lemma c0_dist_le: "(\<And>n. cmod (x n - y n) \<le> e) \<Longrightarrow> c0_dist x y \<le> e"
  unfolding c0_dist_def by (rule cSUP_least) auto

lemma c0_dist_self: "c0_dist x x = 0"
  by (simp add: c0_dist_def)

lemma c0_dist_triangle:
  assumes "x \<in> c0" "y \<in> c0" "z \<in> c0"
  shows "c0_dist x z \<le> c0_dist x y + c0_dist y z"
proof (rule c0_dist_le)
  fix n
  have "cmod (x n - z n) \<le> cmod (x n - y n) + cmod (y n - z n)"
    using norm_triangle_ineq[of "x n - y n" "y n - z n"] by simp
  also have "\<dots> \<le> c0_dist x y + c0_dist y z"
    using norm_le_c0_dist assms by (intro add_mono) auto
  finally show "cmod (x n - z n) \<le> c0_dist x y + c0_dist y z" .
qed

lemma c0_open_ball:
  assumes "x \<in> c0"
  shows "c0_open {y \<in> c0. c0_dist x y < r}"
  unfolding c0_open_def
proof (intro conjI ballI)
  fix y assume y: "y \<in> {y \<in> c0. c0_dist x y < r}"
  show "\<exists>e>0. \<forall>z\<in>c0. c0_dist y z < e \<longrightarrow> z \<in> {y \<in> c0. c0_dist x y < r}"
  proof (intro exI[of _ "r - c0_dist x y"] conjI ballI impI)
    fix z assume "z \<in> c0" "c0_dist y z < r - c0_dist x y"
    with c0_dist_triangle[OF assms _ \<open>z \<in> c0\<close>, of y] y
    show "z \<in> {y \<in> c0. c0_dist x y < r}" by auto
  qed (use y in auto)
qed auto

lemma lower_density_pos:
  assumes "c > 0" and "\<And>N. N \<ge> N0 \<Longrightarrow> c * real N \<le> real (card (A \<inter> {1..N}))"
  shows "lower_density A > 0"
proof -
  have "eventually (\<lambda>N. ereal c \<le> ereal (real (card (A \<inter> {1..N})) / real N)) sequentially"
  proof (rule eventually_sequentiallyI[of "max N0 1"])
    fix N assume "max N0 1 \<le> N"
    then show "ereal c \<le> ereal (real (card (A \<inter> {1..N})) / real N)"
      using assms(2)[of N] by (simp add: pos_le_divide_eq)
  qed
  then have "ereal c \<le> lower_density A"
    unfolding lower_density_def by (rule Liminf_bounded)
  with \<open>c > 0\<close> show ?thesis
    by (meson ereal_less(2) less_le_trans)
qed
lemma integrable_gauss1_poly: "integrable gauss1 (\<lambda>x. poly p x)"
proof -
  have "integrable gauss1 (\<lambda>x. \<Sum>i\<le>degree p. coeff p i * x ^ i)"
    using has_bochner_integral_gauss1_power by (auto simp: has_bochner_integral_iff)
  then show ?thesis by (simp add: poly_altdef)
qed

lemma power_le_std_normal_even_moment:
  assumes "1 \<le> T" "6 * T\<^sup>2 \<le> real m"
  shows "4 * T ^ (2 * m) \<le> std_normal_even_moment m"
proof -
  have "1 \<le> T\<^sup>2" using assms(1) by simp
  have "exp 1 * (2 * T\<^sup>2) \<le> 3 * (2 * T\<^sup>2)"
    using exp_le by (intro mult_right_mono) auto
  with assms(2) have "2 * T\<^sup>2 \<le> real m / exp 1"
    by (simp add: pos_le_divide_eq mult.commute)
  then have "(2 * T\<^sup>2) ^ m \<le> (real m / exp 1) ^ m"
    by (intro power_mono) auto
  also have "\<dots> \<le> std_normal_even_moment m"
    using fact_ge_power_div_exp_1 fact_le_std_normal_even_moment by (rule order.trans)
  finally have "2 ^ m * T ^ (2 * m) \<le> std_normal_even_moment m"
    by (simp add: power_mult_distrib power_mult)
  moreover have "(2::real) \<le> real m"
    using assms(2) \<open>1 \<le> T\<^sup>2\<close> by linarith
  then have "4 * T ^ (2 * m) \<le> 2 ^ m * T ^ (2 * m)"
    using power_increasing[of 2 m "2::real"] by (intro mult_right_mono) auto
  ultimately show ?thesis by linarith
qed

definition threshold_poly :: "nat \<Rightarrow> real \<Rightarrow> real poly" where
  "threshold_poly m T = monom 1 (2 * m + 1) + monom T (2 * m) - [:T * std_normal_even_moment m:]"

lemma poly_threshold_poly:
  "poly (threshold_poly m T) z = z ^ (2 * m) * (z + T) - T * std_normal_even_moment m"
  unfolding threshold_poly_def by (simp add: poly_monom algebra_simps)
* * * * * * *
_What the task requires_
The answer must consist of every line from the entries above that contains "rule".

_Task answer_
  unfolding c0_dist_def by (rule cSUP_least) auto
proof (rule c0_dist_le)
  proof (rule eventually_sequentiallyI[of "max N0 1"])
    unfolding lower_density_def by (rule Liminf_bounded)
    using fact_ge_power_div_exp_1 fact_le_std_normal_even_moment by (rule order.trans)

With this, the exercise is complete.